Вырыта еще одна братская могила. Шире и глубже прежней. Мертвецов слегка присыпали землей, но места там хватит и для других. На этих работах мы используем пленных.

Сегодня во время стычки с неприятелем отличился мой денщик, выкинув один из своих номеров, доказывающих, что он парень находчивый и отчаянно смелый.

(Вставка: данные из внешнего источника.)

(* Let $n,m$ be integers with either $m=n-1\geq 0$ or $m=n-2\geq 0$, and let $H(s)=Q_{nm}(s)/P_{nm}(s)$ be the $(n,m)$ Padé approximant of $e^{-s}$. Then $H$ yields a maximally flat delay approximation of order $m+1$: its group delay satisfies $$t_d(\omega)=1+c\,\omega^{2(m+1)}+O(\omega^{2m+4})\quad(\omega\to 0)$$ for some constant $c\neq 0$.
   Context: The $(n,m)$ Padé approximant of $e^{-s}$ is $Q_{nm}(s)/P_{nm}(s)$ with $Q_{nm}(s)=\frac{n!}{(n+m)!}\sum_{k=0}^{m}\binom{m}{k}\frac{(n+k)!}{n!}(-s)^{m-k}$ and $P_{nm}(s)=\frac{m!}{(n+m)!}\sum_{k=0}^{n}\binom{n}{k}\frac{(m+k)!}{m!}s^{n-k}$ (equivalently, the unique rational function with $\deg Q\le m$, $\deg P\le n$, $P(0)=1$, $P(s)e^{-s}-Q(s)=O(s^{n+m+1})$). For a real rational function $H$, its group delay is $t_d(\omega)=-\frac{d}{d\omega}\arg H(j\omega)$, an even function of $\omega$. A delay approximation of unit delay is called maximally flat of order $k$ if, apart from the constant term $1$, the Taylor expansion of $t_d(\omega)$ about $\omega=0$ begins with the term in $\omega^{2k}$. *)

theory Defs
  imports "HOL-Analysis.Analysis" "HOL-Library.Landau_Symbols"
begin

definition padeQ :: "nat \<Rightarrow> nat \<Rightarrow> complex \<Rightarrow> complex" where
  "padeQ n m s = (fact n / fact (n + m)) *
     (\<Sum>k = 0..m. of_nat (m choose k) * (fact (n + k) / fact n) * (- s) ^ (m - k))"

definition padeP :: "nat \<Rightarrow> nat \<Rightarrow> complex \<Rightarrow> complex" where
  "padeP n m s = (fact m / fact (n + m)) *
     (\<Sum>k = 0..n. of_nat (n choose k) * (fact (m + k) / fact m) * s ^ (n - k))"

definition padeH :: "nat \<Rightarrow> nat \<Rightarrow> complex \<Rightarrow> complex" where
  "padeH n m s = padeQ n m s / padeP n m s"

definition group_delay :: "(complex \<Rightarrow> complex) \<Rightarrow> real \<Rightarrow> real" where
  "group_delay H w = - deriv (\<lambda>x. Arg (H (\<i> * complex_of_real x))) w"

end

theory Submission
  imports Defs
begin

(* Write N = n + m.  Reversing the order of summation, the Pade denominator P and numerator Q are
   the Kummer polynomials sum_j C(r,j) (N-j)!/N! (sigma s)^j with (sigma, r) = (1, n) resp. (-1, m).
   Their coefficients obey a two-term recurrence, i.e. Kummer's equation
   s y'' = N y' + sigma s y' - sigma r y.  Combining the two equations, the delay numerator
   W = P Q' - Q P' + P Q satisfies Euler's equation s W' = N W, hence W = kappa s^N with
   kappa = lead P * lead Q, a nonzero real number.

   Differentiating Arg ((Q/P)(ix)) gives the group delay t_d(x) = 1 - Re (W(ix) / (P Q)(ix)), so
   t_d(x) - 1 = - kappa Re ((ix)^N / G(ix)) with G = P Q.  Since G has real coefficients,
   G(0) = 1 and G'(0) = (n - m)/N, the real part of 1/G(ix) is 1 + O(x^2) and its imaginary
   part is - G'(0) x + O(x^3).  For N = 2m+1 the factor (ix)^N is imaginary and G'(0) = 1/N
   gives the leading term; for N = 2m+2 it is real and the constant 1 gives it.  In both cases
   the error after the x^(2m+2) term is O(x^(2m+4)). *)

(* The coefficients of the Pade polynomials after reversing the order of summation:
   kummer_coeff sigma r N j = sigma^j C(r,j) (N-j)!/N!. *)
definition kummer_coeff :: "real \<Rightarrow> nat \<Rightarrow> nat \<Rightarrow> nat \<Rightarrow> real" where
  "kummer_coeff \<sigma> r N j = \<sigma> ^ j * real (r choose j) * fact (N - j) / fact N"

(* The polynomial sum_{j<=r} kummer_coeff sigma r N j * s^j, i.e. the terminating hypergeometric
   series 1F1(-r; -N; sigma s). *)
definition kummer_poly :: "real \<Rightarrow> nat \<Rightarrow> nat \<Rightarrow> complex poly" where
  "kummer_poly \<sigma> r N = (\<Sum>j\<le>r. monom (complex_of_real (kummer_coeff \<sigma> r N j)) j)"

(* Coefficients vanish beyond degree r, so the finite sum is the full coefficient sequence. *)
lemma coeff_kummer_poly: "coeff (kummer_poly \<sigma> r N) j = complex_of_real (kummer_coeff \<sigma> r N j)"
  by (cases "j \<le> r") (auto simp: kummer_poly_def kummer_coeff_def coeff_sum coeff_monom binomial_eq_0)

(* Reversing the summation (k = r - j) turns the textbook formula into the Kummer polynomial. *)
lemma poly_kummer_poly:
  assumes "r + t = N"
  shows "poly (kummer_poly \<sigma> r N) z =
    (fact t / fact N) * (\<Sum>k = 0..r. of_nat (r choose k) * (fact (t + k) / fact t) * (of_real \<sigma> * z) ^ (r - k))"
proof -
  have "(fact t / fact N) * (\<Sum>k = 0..r. of_nat (r choose k) * (fact (t + k) / fact t) * (of_real \<sigma> * z) ^ (r - k))
      = (\<Sum>j = 0..r. (fact t / fact N) * (of_nat (r choose (r - j)) * (fact (t + (r - j)) / fact t) * (of_real \<sigma> * z) ^ (r - (r - j))))"
    by (subst sum.atLeastAtMost_rev) (simp add: sum_distrib_left)
  also have "\<dots> = (\<Sum>j = 0..r. complex_of_real (kummer_coeff \<sigma> r N j) * z ^ j)"
  proof (rule sum.cong)
    fix j assume "j \<in> {0..r}"
    then have "r - (r - j) = j" "t + (r - j) = N - j" "r choose (r - j) = r choose j"
      using assms by (auto simp: binomial_symmetric[symmetric])
    then show "(fact t / fact N) * (of_nat (r choose (r - j)) * (fact (t + (r - j)) / fact t) * (of_real \<sigma> * z) ^ (r - (r - j)))
        = complex_of_real (kummer_coeff \<sigma> r N j) * z ^ j"
      by (simp add: kummer_coeff_def power_mult_distrib field_simps)
  qed simp
  finally show ?thesis
    by (simp add: kummer_poly_def poly_sum poly_monom atLeast0AtMost)
qed

lemma padeP_kummer: "padeP n m = poly (kummer_poly 1 n (n + m))"
  by (rule ext) (simp add: padeP_def poly_kummer_poly[of n m])

lemma padeQ_kummer: "padeQ n m = poly (kummer_poly (-1) m (n + m))"
  by (rule ext) (simp add: padeQ_def poly_kummer_poly[of m n])

(* Two-term recurrence of the coefficients; it is Kummer's differential equation read off
   coefficientwise. *)
lemma kummer_coeff_recurrence:
  assumes "r \<le> N"
  shows "real (Suc j) * (real j - real N) * kummer_coeff \<sigma> r N (Suc j)
       = \<sigma> * (real j - real r) * kummer_coeff \<sigma> r N j"
proof (cases "j < r")
  case True
  have "Suc j * (r choose Suc j) = (r - j) * (r choose j)"
    using times_binomial_minus1_eq[of "Suc j" r] binomial_absorb_comp[of r j] by simp
  then have binom: "real (Suc j) * real (r choose Suc j) = real (r - j) * real (r choose j)"
    by (metis of_nat_mult)
  have fact_step: "fact (N - j) = real (N - j) * fact (N - Suc j)"
    using True assms by (simp add: fact_reduce Suc_diff_Suc)
  have "real (Suc j) * (real j - real N) * kummer_coeff \<sigma> r N (Suc j)
      = \<sigma> ^ Suc j * (real j - real N) * (real (Suc j) * real (r choose Suc j)) * fact (N - Suc j) / fact N"
    by (simp add: kummer_coeff_def)
  also have "\<dots> = \<sigma> ^ Suc j * (real j - real r) * real (r choose j) * (real (N - j) * fact (N - Suc j)) / fact N"
    unfolding binom using True assms by (simp add: of_nat_diff algebra_simps)
  also have "\<dots> = \<sigma> * (real j - real r) * kummer_coeff \<sigma> r N j"
    by (simp add: kummer_coeff_def fact_step)
  finally show ?thesis .
next
  case False
  then show ?thesis
    by (cases "j = r") (auto simp: kummer_coeff_def binomial_eq_0)
qed
lemma gnorm2_scheme_rhs_le:
  assumes "odd N" "\<tau> \<ge> 0" "\<beta> \<ge> 0" "gper N \<phi>" "gnorm2 N \<phi> = 1"
    and "gnorminf N V \<le> C" "gnorminf N \<phi> \<le> M" "gnorm2 N (lap N \<phi>) \<le> L"
  shows "gnorm2 N (scheme_rhs N \<tau> V \<beta> \<phi>) \<le> L + 2 * C + 2 * \<beta> * M\<^sup>2"
proof -
  have N: "N > 0" using assms(1) by (cases N) auto
  let ?G = "\<lambda>i j k. Gh N \<tau> (lap N \<phi>) i j k / 2"
  let ?V = "\<lambda>i j k. V i j k * \<phi> i j k"
  let ?B = "\<lambda>i j k. complex_of_real \<beta> * (complex_of_real (cmod (\<phi> i j k)))\<^sup>2 * \<phi> i j k"
  let ?Lagr = "\<lambda>i j k. lagr N \<tau> V \<beta> \<phi> * \<phi> i j k"
  have "gnorm2 N (scheme_rhs N \<tau> V \<beta> \<phi>)
      \<le> gnorm2 N (\<lambda>i j k. ?G i j k - ?V i j k - ?B i j k) + gnorm2 N ?Lagr"
    unfolding scheme_rhs_def by (rule gnorm2_add_le)
  also have "\<dots> \<le> gnorm2 N (\<lambda>i j k. ?G i j k - ?V i j k) + gnorm2 N ?B + gnorm2 N ?Lagr"
    using gnorm2_diff_le[of N "\<lambda>i j k. ?G i j k - ?V i j k" ?B] by simp
  also have "\<dots> \<le> gnorm2 N ?G + gnorm2 N ?V + gnorm2 N ?B + gnorm2 N ?Lagr"
    using gnorm2_diff_le[of N ?G ?V] by simp
  also have "\<dots> \<le> L / 2 + C + \<beta> * M\<^sup>2 + (L / 2 + C + \<beta> * M\<^sup>2)"
  proof (intro add_mono)
    show "gnorm2 N ?G \<le> L / 2"
      using gnorm2_scale[of N "1 / 2" "Gh N \<tau> (lap N \<phi>)"] gnorm2_Gh_le[OF assms(1,2), of "lap N \<phi>"] assms(8)
      by simp
    show "gnorm2 N ?V \<le> C"
      using gnorm2_mult_le[OF N assms(6), of \<phi>] assms(5) by simp
    show "gnorm2 N ?B \<le> \<beta> * M\<^sup>2"
      using gnorm2_cubic_le[OF assms(7,3)] assms(5) by simp
    show "gnorm2 N ?Lagr \<le> L / 2 + C + \<beta> * M\<^sup>2"
      using norm_lagr_le[OF assms] by (simp add: gnorm2_scale assms(5))
  qed
  finally show ?thesis by simp
qed
(* Let $n\ge4$ be even, $p\ge n+1$ an integer, $c_1$ a positive integer, $a_k=pc_k$, $c_{k+1}=p^2c_k$, and let $T$, $I^{(j)}$, $I^{(j)}_i$ and $\lambda_k$ be as in the context. Then for every odd $k$ with $3\le k\le n-1$ and every $j\ge1$: (1) $\dfrac{\lambda_k(I^{(j)}_k)}{\lambda_k(I^{(j)})}>\dfrac12$; (2) $\dfrac{\lambda_k\bigl(\bigcup_{2\le i\le n-1,\ i\ne k}I^{(j)}_i\bigr)}{\lambda_k(I^{(j)})}<\dfrac{n}{2c_j}$.
   Context: $\pi$ is the permutation of $\{1,\dots,n\}$ with top row $1,2,\dots,n$ and bottom row $n,3,2,5,4,\dots,n-1,n-2,1$. Right Rauzy induction: step "0" when the rightmost domain (top) interval is longer, "1" when the rightmost image (bottom) interval is longer. For $a,c>0$, $\dot\gamma_{m,a}=1^{n-1-m}0^a10^2$, $\gamma_{a,c}=0\,\dot\gamma_{n-2,a}\cdots\dot\gamma_{2,a}\,1^{c(n-1)}$; its transition matrix $\Theta_{a,c}$ (old lengths $=\Theta_{a,c}\cdot$new lengths) has row $1=(1,c,\dots,c)$, row $n=(1,c+1,\dots,c+1)$, and for $1\le i\le(n-2)/2$: row $2i$ has $0$ in column 1, $2$ in columns $2i,2i+1$, $1$ in the other columns among $2,\dots,n$; row $2i+1$ has $a$ in column $2i$, $a+1$ in column $2i+1$, $0$ elsewhere. $\Theta_k=\Theta_{a_k,c_k}$. $T$ is an IET of $[0,1)$ with permutation $\pi$ whose right Rauzy induction path is $\gamma_{a_1,c_1}\gamma_{a_2,c_2}\cdots$; $I^{(j)}$ is the interval on which the induced map lives after the first $j$ blocks and $I^{(j)}_1,\dots,I^{(j)}_n$ its exchanged subintervals; lengths satisfy $\ell^{(j-1)}=\Theta_j\ell^{(j)}$. For $v\ge0$, $|v|$ is the sum of entries and $\overline v=v/|v|$. $\lambda_k$ denotes the $T$-invariant Borel probability measure such that for every $j\ge0$, $(\lambda_k(I^{(j)}_i))_i$ is a positive multiple of $\lim_{m\to\infty}\overline{\Theta_{j+1}\cdots\Theta_me_k}$. *)

theory Defs
  imports "HOL-Analysis.Analysis" "HOL-Probability.Probability"
begin

(* Labelled interval exchange data: (top row, bottom row, lengths indexed by label). *)
type_synonym iet = "nat list \<times> nat list \<times> (nat \<Rightarrow> real)"

definition insert_after :: "nat \<Rightarrow> nat \<Rightarrow> nat list \<Rightarrow> nat list" where
  "insert_after x y xs = takeWhile (\<lambda>z. z \<noteq> x) xs @ take 1 (dropWhile (\<lambda>z. z \<noteq> x) xs)
      @ [y] @ drop 1 (dropWhile (\<lambda>z. z \<noteq> x) xs)"

(* One step of labelled right Rauzy induction, required to be of type e
   (0: rightmost top interval strictly longer, 1: rightmost bottom interval strictly longer). *)
definition rauzy_step :: "nat \<Rightarrow> iet \<Rightarrow> iet option" where
  "rauzy_step e s = (case s of (t, b, l) \<Rightarrow>
     let \<alpha> = last t; \<beta> = last b in
     if e = 0 then
       (if l \<alpha> > l \<beta> then Some (t, insert_after \<alpha> \<beta> (butlast b), l(\<alpha> := l \<alpha> - l \<beta>)) else None)
     else if e = 1 then
       (if l \<beta> > l \<alpha> then Some (insert_after \<beta> \<alpha> (butlast t), b, l(\<beta> := l \<beta> - l \<alpha>)) else None)
     else None)"

fun rauzy_run :: "iet \<Rightarrow> nat list \<Rightarrow> iet option" where
  "rauzy_run s [] = Some s"
| "rauzy_run s (e # w) = (case rauzy_step e s of None \<Rightarrow> None | Some s' \<Rightarrow> rauzy_run s' w)"

definition pi_top :: "nat \<Rightarrow> nat list" where
  "pi_top n = [1..<n+1]"
definition pi_bot :: "nat \<Rightarrow> nat list" where
  "pi_bot n = [n] @ concat (map (\<lambda>i. [2*i+1, 2*i]) [1..<(n-2) div 2 + 1]) @ [1]"

definition gamma_dot :: "nat \<Rightarrow> nat \<Rightarrow> nat \<Rightarrow> nat list" where
  "gamma_dot n m a = replicate (n - 1 - m) 1 @ replicate a 0 @ [1] @ [0, 0]"

definition gamma_word :: "nat \<Rightarrow> nat \<Rightarrow> nat \<Rightarrow> nat list" where
  "gamma_word n a c = [0] @ concat (map (\<lambda>i. gamma_dot n (n - 2*i) a) [1..<(n-2) div 2 + 1])
                        @ replicate (c * (n - 1)) 1"

definition Theta :: "nat \<Rightarrow> nat \<Rightarrow> nat \<Rightarrow> nat \<Rightarrow> nat \<Rightarrow> real" where
  "Theta n a c i j =
    (if i \<in> {1..n} \<and> j \<in> {1..n} then
      (if i = 1 then (if j = 1 then 1 else real c)
       else if i = n then (if j = 1 then 1 else real c + 1)
       else if even i then (if j = 1 then 0 else if j = i \<or> j = i + 1 then 2 else 1)
       else (if j + 1 = i then real a else if j = i then real a + 1 else 0))
     else 0)"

В самый разгар вражеской атаки пулемет, который прикрывал мой окоп и защищал вход в ущелье, перегрелся, и его заело. Пулеметчик растерялся. Тогда «Вифлеемский младенец» выскочил из укрытия, вспрыгнул на пулемет и помочился на раскаленный ствол, полусерьезно-полушутливо приговаривая:

— Дай я тебя малость освежу, старая перечница! Промочу тебе пасть, зараза!

Не знаю, по случайности или нет, но пулемет опять заработал. «Вифлеемскому младенцу» нельзя отказать в смекалке. Так в этом «саду услад» началась для нас весна. Сегодня поутру над плюмажем агавы, среди жестких и зубастых, как пила, листьев расцвело несколько крошечных лиловых цветков, которые быстро сморщились и пожухли, точно губы умирающего. Цветы прожили меньше суток. Их пряные соки, очевидно, вытянула мошкара, потому что от нее несет нежным ароматом агавы.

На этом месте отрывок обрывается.